Struggling with his performances in the English Premier League, he went on loan back to Silkeborg IF, to aid their fight against relegation in the last part of the 2001–02 season. He returned to Bolton for the 2002–03 season and became an important part of the Bolton squad. At the start of the 2005–06 season he showed his versatility by playing at left-back in an emergency.

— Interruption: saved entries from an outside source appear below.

(* Let $N(n)$ be the number of inflection points of the Hilbert curve $H_n$. Then $N(1)=4$, $N(2k)=4N(2k-1)-2$ and $N(2k+1)=4N(2k)-4$ for all $k\ge1$, and hence $$N(n)=\begin{cases}\dfrac{4^{n+1}+4}{5}, & n \text{ odd},\\[2mm] \dfrac{4^{n+1}+6}{5}, & n\text{ even}.\end{cases}$$
   Context: The Hilbert curve at step $n$ is the polygon $H_n$ in the unit square defined recursively: $H_1$ has vertices $(\tfrac14,\tfrac14),(\tfrac14,\tfrac34),(\tfrac34,\tfrac34),(\tfrac34,\tfrac14)$; $H_{n+1}$ is the concatenation (in this order, joined by the connecting edges) of $f_1(H_n),f_2(H_n),f_3(H_n),f_4(H_n)$, where $f_1(x,y)=(\tfrac y2,\tfrac x2)$, $f_2(x,y)=(\tfrac x2,\tfrac y2+\tfrac12)$, $f_3(x,y)=(\tfrac x2+\tfrac12,\tfrac y2+\tfrac12)$, $f_4(x,y)=(1-\tfrac y2,\tfrac12-\tfrac x2)$, each copy traversed in the order inherited from $H_n$. The inflection points of $H_n$ are the vertices of $H_n$, in order, after deleting every interior vertex whose two neighbouring vertices are collinear with it (endpoints are kept). *)

theory Defs
  imports "HOL-Analysis.Analysis"
begin

definition hf1 :: "real \<times> real \<Rightarrow> real \<times> real" where
  "hf1 p = (snd p / 2, fst p / 2)"
definition hf2 :: "real \<times> real \<Rightarrow> real \<times> real" where
  "hf2 p = (fst p / 2, snd p / 2 + 1/2)"
definition hf3 :: "real \<times> real \<Rightarrow> real \<times> real" where
  "hf3 p = (fst p / 2 + 1/2, snd p / 2 + 1/2)"
definition hf4 :: "real \<times> real \<Rightarrow> real \<times> real" where
  "hf4 p = (1 - snd p / 2, 1/2 - fst p / 2)"

text \<open>Vertex list of the Hilbert polygon H_n (meaningful for n \<ge> 1; H_0 is a dummy).\<close>
fun hilbert :: "nat \<Rightarrow> (real \<times> real) list" where
  "hilbert 0 = []"
| "hilbert (Suc 0) = [(1/4, 1/4), (1/4, 3/4), (3/4, 3/4), (3/4, 1/4)]"
| "hilbert (Suc (Suc n)) =
     map hf1 (hilbert (Suc n)) @ map hf2 (hilbert (Suc n)) @
     map hf3 (hilbert (Suc n)) @ map hf4 (hilbert (Suc n))"

definition inflection_points :: "(real \<times> real) list \<Rightarrow> (real \<times> real) list" where
  "inflection_points xs =
     [xs ! i. i \<leftarrow> [0..<length xs],
        i = 0 \<or> i = length xs - 1 \<or> \<not> collinear {xs ! (i - 1), xs ! i, xs ! (i + 1)}]"

definition num_inflection :: "nat \<Rightarrow> nat" where
  "num_inflection n = length (inflection_points (hilbert n))"

end

theory Submission
  imports Defs
begin

text \<open>Collinearity of three consecutive vertices is the vanishing of the orientation
  determinant, so the number of inflection points is two plus the number of turns of the
  polygon. Each of the four maps multiplies the determinant by \<open>\<plusminus>1/4\<close>, so the copies in
  \<open>H\<^sub>n\<^sub>+\<^sub>1\<close> have as many turns as \<open>H\<^sub>n\<close>, and only the three junctions between them contribute
  new turns. These depend only on the two first and two last vertices of \<open>H\<^sub>n\<close>, which are
  explicit; the junctions add 4 turns when \<open>n\<close> is odd and 2 when \<open>n\<close> is even.\<close>

definition orient :: "real \<times> real \<Rightarrow> real \<times> real \<Rightarrow> real \<times> real \<Rightarrow> real" where
  "orient a b c = (fst b - fst a) * (snd c - snd b) - (snd b - snd a) * (fst c - fst b)"

lemma collinear_0_iff:
  "collinear {0, u, v :: real \<times> real} \<longleftrightarrow> fst u * snd v = snd u * fst v"
proof -
  have "(u = 0 \<or> v = 0 \<or> (\<exists>c. v = c *\<^sub>R u)) \<longleftrightarrow> fst u * snd v = snd u * fst v"
  proof
    assume "u = 0 \<or> v = 0 \<or> (\<exists>c. v = c *\<^sub>R u)"
    then show "fst u * snd v = snd u * fst v"
      by (auto simp: algebra_simps)
  next
    assume h: "fst u * snd v = snd u * fst v"
    show "u = 0 \<or> v = 0 \<or> (\<exists>c. v = c *\<^sub>R u)"
    proof (cases "fst u = 0")
      case True
      show ?thesis
      proof (cases "snd u = 0")
        case True
        with \<open>fst u = 0\<close> show ?thesis by (simp add: prod_eq_iff)
      next
        case False
        with h \<open>fst u = 0\<close> have "v = (snd v / snd u) *\<^sub>R u"
          by (simp add: prod_eq_iff)
        then show ?thesis by blast
      qed
    next
      case False
      with h have "v = (fst v / fst u) *\<^sub>R u"
        by (simp add: prod_eq_iff field_simps)
      then show ?thesis by blast
    qed
  qed
  then show ?thesis by (simp add: collinear_lemma)
qed

lemma collinear_iff_orient_eq_0: "collinear {a, b, c} \<longleftrightarrow> orient a b c = 0"
proof -
  have "collinear {a, b, c} \<longleftrightarrow> collinear {0, a - b, c - b}"
    by (simp add: collinear_3)
  also have "\<dots> \<longleftrightarrow> orient a b c = 0"
    by (simp add: collinear_0_iff orient_def algebra_simps; linarith)
  finally show ?thesis .
qed

fun turns :: "(real \<times> real) list \<Rightarrow> nat" where
  "turns (a # b # c # r) = (if orient a b c = 0 then 0 else 1) + turns (b # c # r)"
| "turns _ = 0"

lemma length_filter_upt_Suc:
  "length (filter P [0..<Suc m]) = (if P 0 then 1 else 0) + length (filter (P \<circ> Suc) [0..<m])"
  by (simp add: upt_conv_Cons map_Suc_upt[symmetric] filter_map del: upt_Suc)

lemma turns_eq_length_filter:
  "turns xs = length (filter (\<lambda>i. orient (xs ! i) (xs ! Suc i) (xs ! Suc (Suc i)) \<noteq> 0)
                              [0..<length xs - 2])"
proof (induction xs rule: turns.induct)
  case (1 a b c r)
  then show ?case
    by (simp add: length_filter_upt_Suc[of _ "length r"] o_def del: upt_Suc)
qed auto

lemma length_inflection_points:
  assumes "length xs \<ge> 2"
  shows "length (inflection_points xs) = turns xs + 2"
proof -
  obtain m where m: "length xs = Suc (Suc m)"
    using assms by (metis add_2_eq_Suc le_Suc_ex)
  define P where
    "P i \<longleftrightarrow> i = 0 \<or> i = length xs - 1 \<or> \<not> collinear {xs ! (i - 1), xs ! i, xs ! (i + 1)}" for i
  have "[f i. i \<leftarrow> l, P i] = map f (filter P l)" for f :: "nat \<Rightarrow> real \<times> real" and l
    by (induction l) auto
  then have "inflection_points xs = map ((!) xs) (filter P [0..<length xs])"
    unfolding inflection_points_def P_def .
  then have "length (inflection_points xs) = length (filter P [0..<Suc (Suc m)])"
    by (simp add: m)
  also have "\<dots> = 1 + length (filter (P \<circ> Suc) [0..<m]) + 1"
    by (subst length_filter_upt_Suc) (simp add: P_def m)
  also have "filter (P \<circ> Suc) [0..<m] =
      filter (\<lambda>i. orient (xs ! i) (xs ! Suc i) (xs ! Suc (Suc i)) \<noteq> 0) [0..<m]"
    by (rule filter_cong) (auto simp: P_def m collinear_iff_orient_eq_0)
  finally show ?thesis by (simp add: turns_eq_length_filter m)
qed

definition junction_turns :: "(real \<times> real) list \<Rightarrow> (real \<times> real) list \<Rightarrow> nat" where
  "junction_turns xs ys =
     (if orient (last (butlast xs)) (last xs) (hd ys) = 0 then 0 else 1) +
     (if orient (last xs) (hd ys) (hd (tl ys)) = 0 then 0 else 1)"

lemma turns_append:
  assumes "length xs \<ge> 2" "length ys \<ge> 2"
  shows "turns (xs @ ys) = turns xs + turns ys + junction_turns xs ys"
  using assms(1)
proof (induction xs rule: turns.induct)
  case (1 a b c r)
  then show ?case by (simp add: junction_turns_def)
next
  case ("2_3" a b)
  from assms(2) obtain c d r where "ys = c # d # r"
    by (metis Suc_le_length_iff numeral_2_eq_2)
  then show ?case by (simp add: junction_turns_def)
qed auto

lemma junction_turns_append_right:
  assumes "length ys \<ge> 2"
  shows "junction_turns xs (ys @ zs) = junction_turns xs ys"
proof -
  from assms obtain c d r where "ys = c # d # r"
    by (metis Suc_le_length_iff numeral_2_eq_2)
  then show ?thesis by (simp add: junction_turns_def)
qed

lemma turns_map:
  assumes "\<And>a b c. orient (f a) (f b) (f c) = k * orient a b c" "k \<noteq> 0"
  shows "turns (map f xs) = turns xs"
  by (induction xs rule: turns.induct) (simp_all add: assms)

lemma orient_hf1: "orient (hf1 a) (hf1 b) (hf1 c) = (-1/4) * orient a b c"
  and orient_hf2: "orient (hf2 a) (hf2 b) (hf2 c) = (1/4) * orient a b c"
  and orient_hf3: "orient (hf3 a) (hf3 b) (hf3 c) = (1/4) * orient a b c"
  and orient_hf4: "orient (hf4 a) (hf4 b) (hf4 c) = (-1/4) * orient a b c"
  by (simp_all add: orient_def hf1_def hf2_def hf3_def hf4_def algebra_simps)

lemma turns_map_hf:
  "turns (map hf1 xs) = turns xs" "turns (map hf2 xs) = turns xs"
  "turns (map hf3 xs) = turns xs" "turns (map hf4 xs) = turns xs"
  using turns_map[OF orient_hf1] turns_map[OF orient_hf2] turns_map[OF orient_hf3]
    turns_map[OF orient_hf4] by simp_all

lemma length_hilbert: "length (hilbert (Suc n)) = 4 ^ Suc n"
  by (induction n) simp_all

lemma length_hilbert_ge_2: "length (hilbert (Suc n)) \<ge> 2"
  using self_le_power[of 4 "Suc n"] by (simp add: length_hilbert)

definition margin :: "nat \<Rightarrow> real" where
  "margin n = 1 / 2 ^ (n + 2)"

lemma hilbert_ends:
  "hd (hilbert (Suc n)) = (margin n, margin n)
    \<and> hd (tl (hilbert (Suc n))) =
        (if odd n then (3 * margin n, margin n) else (margin n, 3 * margin n))
    \<and> last (hilbert (Suc n)) = (1 - margin n, margin n)
    \<and> last (butlast (hilbert (Suc n))) =
        (if odd n then (1 - 3 * margin n, margin n) else (1 - margin n, 3 * margin n))"
proof (induction n)
  case 0
  then show ?case by (simp add: margin_def)
next
  case (Suc n)
  let ?H = "hilbert (Suc n)"
  have "?H \<noteq> []" "tl ?H \<noteq> []" "butlast ?H \<noteq> []"
    using length_hilbert_ge_2[of n] by (simp_all flip: length_greater_0_conv)
  moreover have "hilbert (Suc (Suc n)) = map hf1 ?H @ map hf2 ?H @ map hf3 ?H @ map hf4 ?H"
    by simp
  ultimately have ends: "hd (hilbert (Suc (Suc n))) = hf1 (hd ?H)"
    "hd (tl (hilbert (Suc (Suc n)))) = hf1 (hd (tl ?H))"
    "last (hilbert (Suc (Suc n))) = hf4 (last ?H)"
    "last (butlast (hilbert (Suc (Suc n)))) = hf4 (last (butlast ?H))"
    by (simp_all add: hd_map last_map butlast_append map_tl[symmetric] map_butlast[symmetric])
  have "margin (Suc n) = margin n / 2"
    by (simp add: margin_def)
  then show ?case
    unfolding ends using Suc.IH by (cases "odd n") (simp_all add: hf1_def hf4_def field_simps)
qed

lemma junction_turns_hilbert:
  fixes n :: nat
  defines "H \<equiv> hilbert (Suc n)"
  shows "junction_turns (map hf1 H) (map hf2 H) + junction_turns (map hf2 H) (map hf3 H)
           + junction_turns (map hf3 H) (map hf4 H) = (if odd n then 2 else 4)"
proof -
  have "H \<noteq> []" "tl H \<noteq> []" "butlast H \<noteq> []"
    using length_hilbert_ge_2[of n] by (simp_all add: H_def flip: length_greater_0_conv)
  then have "junction_turns (map f H) (map g H) =
      (if orient (f (last (butlast H))) (f (last H)) (g (hd H)) = 0 then 0 else 1) +
      (if orient (f (last H)) (g (hd H)) (g (hd (tl H))) = 0 then 0 else 1)" for f g
    by (simp add: junction_turns_def hd_map last_map map_tl[symmetric] map_butlast[symmetric])
  moreover have "margin n > 0"
    by (simp add: margin_def)
  ultimately show ?thesis
    using hilbert_ends[of n] unfolding H_def
    by (cases "odd n") (simp_all add: orient_def hf1_def hf2_def hf3_def hf4_def field_simps)
qed

lemma turns_hilbert_Suc:
  "turns (hilbert (Suc (Suc n))) = 4 * turns (hilbert (Suc n)) + (if odd n then 2 else 4)"
proof -
  let ?H = "hilbert (Suc n)"
  have len: "length (map f ?H) \<ge> 2" "length (map f ?H @ ys) \<ge> 2"
    for f and ys :: "(real \<times> real) list"
    using length_hilbert_ge_2[of n] by simp_all
  have "turns (hilbert (Suc (Suc n))) = turns (map hf1 ?H @ map hf2 ?H @ map hf3 ?H @ map hf4 ?H)"
    by simp
  also have "\<dots> = turns (map hf1 ?H) + turns (map hf2 ?H) + turns (map hf3 ?H) + turns (map hf4 ?H)
      + (junction_turns (map hf1 ?H) (map hf2 ?H) + junction_turns (map hf2 ?H) (map hf3 ?H)
         + junction_turns (map hf3 ?H) (map hf4 ?H))"
    by (simp only: turns_append[OF len(1) len(1)] turns_append[OF len(1) len(2)]
        junction_turns_append_right[OF len(1)])
  also have "\<dots> = 4 * turns ?H + (if odd n then 2 else 4)"
    by (simp add: junction_turns_hilbert turns_map_hf)
  finally show ?thesis .
qed

lemma num_inflection_Suc: "num_inflection (Suc n) = turns (hilbert (Suc n)) + 2"
  unfolding num_inflection_def by (rule length_inflection_points[OF length_hilbert_ge_2])

lemma num_inflection_Suc_Suc:
  "num_inflection (Suc (Suc n)) + (if odd n then 4 else 2) = 4 * num_inflection (Suc n)"
  unfolding num_inflection_Suc turns_hilbert_Suc by simp

lemma num_inflection_closed_form:
  "5 * num_inflection (Suc n) = 4 ^ (n + 2) + (if odd n then 6 else 4)"
proof (induction n)
  case 0
  then show ?case
    by (simp add: num_inflection_Suc orient_def)
next
  case (Suc n)
  then show ?case
    using num_inflection_Suc_Suc[of n] by (cases "odd n") simp_all
qed

theorem mainTheorem9:
  shows "num_inflection 1 = 4
    \<and> (\<forall>k::nat. k \<ge> 1 \<longrightarrow>
         int (num_inflection (2*k)) = 4 * int (num_inflection (2*k - 1)) - 2
       \<and> int (num_inflection (2*k + 1)) = 4 * int (num_inflection (2*k)) - 4)
    \<and> (\<forall>n::nat. n \<ge> 1 \<longrightarrow>
         (odd n \<longrightarrow> real (num_inflection n) = (4 ^ (n + 1) + 4) / 5)
       \<and> (even n \<longrightarrow> real (num_inflection n) = (4 ^ (n + 1) + 6) / 5))"
proof (intro conjI allI impI)
  show "num_inflection 1 = 4"
    using num_inflection_closed_form[of 0] by simp
next
  fix k :: nat
  assume "k \<ge> 1"
  then obtain j where "k = Suc j"
    by (cases k) auto
  then have "2 * k - 1 = Suc (2 * j)" "2 * k = Suc (Suc (2 * j))"
    "2 * k + 1 = Suc (Suc (Suc (2 * j)))"
    by simp_all
  then show "int (num_inflection (2 * k)) = 4 * int (num_inflection (2 * k - 1)) - 2"
    and "int (num_inflection (2 * k + 1)) = 4 * int (num_inflection (2 * k)) - 4"
    using num_inflection_Suc_Suc[of "2 * j"] num_inflection_Suc_Suc[of "Suc (2 * j)"] by simp_all
next
  fix n :: nat
  assume "n \<ge> 1"
  then obtain m where "n = Suc m"
    by (cases n) auto
  then have "real (5 * num_inflection n) = 4 ^ (n + 1) + (if odd n then 4 else 6)"
    using num_inflection_closed_form[of m] by simp
  then show "odd n \<Longrightarrow> real (num_inflection n) = (4 ^ (n + 1) + 4) / 5"
    and "even n \<Longrightarrow> real (num_inflection n) = (4 ^ (n + 1) + 6) / 5"
    by simp_all
qed

end
(* Let $\mathcal{M}=(S,E,T)$ be a trivially parametric Markov chain satisfying the standing assumptions below. Then every never-worse equivalence class that contains neither $\mathit{fin}$ nor $\mathit{fail}$ has exactly one exit.
   Context: A trivially parametric Markov chain $\mathcal{M}=(S,E,T)$ consists of a finite set of states $S$, targets $T=\{\mathit{fin},\mathit{fail}\}$ with no outgoing edges, and edges $E\subseteq(S\setminus T)\times S$. A graph-preserving valuation assigns to each non-target $s$ a full-support probability distribution on its successor set $sE$; $P_{\mathsf{val}}(s)$ is the probability of reaching $\mathit{fin}$ from $s$. $s\sim s'$ iff $P_{\mathsf{val}}(s)=P_{\mathsf{val}}(s')$ for all graph-preserving valuations; equivalence classes are the classes of $\sim$. A state $s$ is an exit of $U\subseteq S$ if $s\in U$ and $sE\not\subseteq U$. Standing assumptions: the equivalence classes of $\mathit{fin}$ and $\mathit{fail}$ are $\{\mathit{fin}\}$ and $\{\mathit{fail}\}$; no state has a self-loop; every non-target state has exactly two successors. *)

theory Defs
  imports Complex_Main
begin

He is known for his "peacock" goal celebration, a treat he developed with fellow Danish player Martin Retov.

Hull City
He left Bolton Wanderers in May 2007 and signed for Hull City on 13 August 2007. In an injury-hit season, he mainly played on the left of midfield when fit, and also deputised at left-back.

In July 2008, Pedersen left Hull City, citing family reasons.

Return to Silkeborg
Having left Hull City Pedersen re-signed for his third stint at Silkeborg.

Personal life
In Denmark he is known by his nickname, "Tømrer", which means "Carpenter".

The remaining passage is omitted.